The title character in Angela McAllister's The Double Life of Cora Parry was born in a workhouse in London, and after the death of her young mother was adopted by a childless couple who lived outside the city. But on the early deaths of her adoptive parents, she is taken back to London and abandoned.

Determined not to end up in the workhouse where her mother died, Cora has no choice but to live on the streets. She is soon taken in by Fletch, a hardened young girl who pretends to be a boy, and who rules over a filthy basement that is home to other homeless kids who live by stealing, trickery and worse crimes. It is no place for happiness or hope.

Fletch trains Cora to be a street thief and house burglar. Cora is small for her age, and Fletch sees many uses for her, because she can get through small windows easily.

Her new life goes very much against Cora's inner moral values and conscience, but she knows she has to survive by using what chances are given to her. She has to find a way to cope that will prevent her from going under completely.

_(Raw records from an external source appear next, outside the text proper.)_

(* The margin makes the point-to-point bound r^(\<zeta>+\<epsilon>) at the inner radius r = R^(1-s)
   negligible against the bound R^(\<zeta>-\<epsilon>) on the resistance from p to the complement of B(p, R). *)
lemma eventually_reff_gball_gcompl_ge:
  assumes "0 < \<zeta>" "s < 1" "s \<le> \<delta>" "0 < \<epsilon>" "\<epsilon> < \<delta>"
    and margin: "(1 - s) * (\<zeta> + \<epsilon>) < \<zeta> - \<epsilon>"
    and bounds: "\<forall>\<^sub>F R in sequentially. resistance_exponent_bounds N p \<zeta> \<epsilon> R"
  shows "\<forall>\<^sub>F R in sequentially.
           ennreal (real R powr (\<zeta> - \<delta>)) \<le> reff N (gball N p (real R powr (1 - \<delta>))) (gcompl N p (real R))"
proof -
  define r where "r R = nat \<lfloor>real R powr (1 - s)\<rfloor>" for R
  have "filterlim r at_top sequentially"
    unfolding r_def using \<open>s < 1\<close> by real_asymp
  moreover have "\<forall>\<^sub>F n in sequentially. 1 \<le> n \<and> resistance_exponent_bounds N p \<zeta> \<epsilon> n"
    using eventually_ge_at_top bounds by (rule eventually_conj)
  ultimately have inner: "\<forall>\<^sub>F R in sequentially. 1 \<le> r R \<and> resistance_exponent_bounds N p \<zeta> \<epsilon> (r R)"
    by (rule eventually_compose_filterlim[rotated])
  have "\<forall>\<^sub>F R in sequentially. 8 * real R powr ((1 - s) * (\<zeta> + \<epsilon>)) \<le> real R powr (\<zeta> - \<epsilon>)"
    using margin by real_asymp
  moreover have "\<forall>\<^sub>F R in sequentially. 8 * real R powr (\<zeta> - \<delta>) \<le> real R powr (\<zeta> - \<epsilon>)"
    using \<open>\<epsilon> < \<delta>\<close> by real_asymp
  ultimately show ?thesis using bounds inner eventually_ge_at_top[of 1]
  proof eventually_elim
    case (elim R)
    define a where "a = real R powr (\<zeta> - \<epsilon>)"
    define b where "b = real (r R) powr (\<zeta> + \<epsilon>)"
    have R: "1 \<le> real R" using elim(5) by simp
    have "real (r R) \<le> real R powr (1 - s)" unfolding r_def by (simp add: of_nat_floor)
    then have "b \<le> (real R powr (1 - s)) powr (\<zeta> + \<epsilon>)"
      unfolding b_def using assms(1,4) by (intro powr_mono2) auto
    then have "8 * b \<le> a"
      using elim(1) by (simp add: a_def powr_powr)
    have A: "gball N p (real R powr (1 - \<delta>)) \<subseteq> gball N p (real (r R))"
      unfolding r_def gball_nat_floor[OF powr_ge_zero] using R \<open>s \<le> \<delta>\<close>
      by (intro gball_mono powr_mono) auto
    have "\<forall>x\<in>gball N p (real R powr (1 - \<delta>)). reff N {p} {x} \<le> ennreal b"
      using elim(4) A unfolding resistance_exponent_bounds_def b_def
      by (meson SUP_upper order_trans subsetD)
    moreover have "ennreal a \<le> reff N {p} (gcompl N p (real R))"
      using elim(3) by (simp add: resistance_exponent_bounds_def a_def)
    moreover have "0 < b" using elim(4) by (simp add: b_def)
    ultimately have "ennreal (a/8) \<le> reff N (gball N p (real R powr (1 - \<delta>))) (gcompl N p (real R))"
      using \<open>8 * b \<le> a\<close> R by (intro reff_ge_of_point_reff_le) (auto simp: a_def)
    moreover have "real R powr (\<zeta> - \<delta>) \<le> a/8" using elim(2) by (simp add: a_def)
    ultimately show ?case by (meson ennreal_leI order_trans)
  qed
qed

lemma exponent_margins:
  fixes \<zeta> \<delta> :: real
  assumes "0 < \<zeta>" "0 < \<delta>"
  obtains s \<epsilon> where "s < 1" "s \<le> \<delta>" "0 < \<epsilon>" "\<epsilon> < \<delta>"
    "(1 - s) * (\<zeta> + \<epsilon>) < \<zeta> - \<epsilon>"
proof -
  define s where "s = min \<delta> (1/2)"
  define m where "m = min \<zeta> 1"
  define \<epsilon> where "\<epsilon> = s * m / 4"
  have s: "0 < s" "s < 1" "s \<le> \<delta>" using assms by (auto simp: s_def)
  have m: "0 < m" "m \<le> 1" "m \<le> \<zeta>" using assms by (auto simp: m_def)
  have "s * m \<le> s" "s * m \<le> s * \<zeta>" "0 < s * m" "0 < s * \<epsilon>"
    using s m by (simp_all add: \<epsilon>_def mult_left_le mult_left_mono)
  moreover have "(1 - s) * (\<zeta> + \<epsilon>) = \<zeta> + \<epsilon> - s * \<zeta> - s * \<epsilon>" by (simp add: algebra_simps)
  ultimately show thesis
    using s \<epsilon>_def by (intro that[of s \<epsilon>]) linarith+
qed

lemma AE_eventually_reff_gcompl_le:
  assumes wf: "AE \<omega> in M. wf_net (N \<omega>) \<and> nV (N \<omega>) (\<rho> \<omega>)"
    and inf: "AE \<omega> in M. infinite {v. nV (N \<omega>) v}"
    and bounds: "\<forall>\<epsilon>>0.
      AE \<omega> in M. \<forall>\<^sub>F R in sequentially. resistance_exponent_bounds (N \<omega>) (\<rho> \<omega>) \<zeta> \<epsilon> R"
    and "0 < \<delta>"
  shows "AE \<omega> in M. \<forall>\<^sub>F R in sequentially.
           reff (N \<omega>) {\<rho> \<omega>} (gcompl (N \<omega>) (\<rho> \<omega>) (real R)) \<le> ennreal (real R powr (\<zeta> + \<delta>))"
  using bounds[rule_format, OF half_gt_zero[OF \<open>0 < \<delta>\<close>]] wf inf
  by eventually_elim (simp add: eventually_reff_gcompl_le \<open>0 < \<delta>\<close>)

It is a dog-eat-dog life in the underworld of Victorian London, where no one can be trusted and friends simply do not exist.

Cora soon proves to be an efficient thief. But all the time at the back of her mind, she wants to find out about her mother and her true background. But Cora's mother is just one of the many young women who died in the dreadful Walston Workhouse. This is a place to be avoided.

As Cora stands at the railings, looking at the grim building, she knows that the answer to who she is lies somewhere within those unfriendly walls.

Guilt lies heavily on Cora as she sinks deeper into a life of petty crime, and she comes up with an interesting solution to her conscience. She invents a double, another person in her imagination who is the liar and thief that Cora herself has become. She calls this girl Carrie, and her mind tells her it is Carrie not Cora who carries out crimes.

The Double Life of Cora Parry is a fast-moving, stylish story, with a clever psychological twist at the end. It is packed with interesting characters and drama, and Angela McAllister keeps the tension at its peak until the end. Cora Parry has to have two lives in order to survive. But which life is the real one?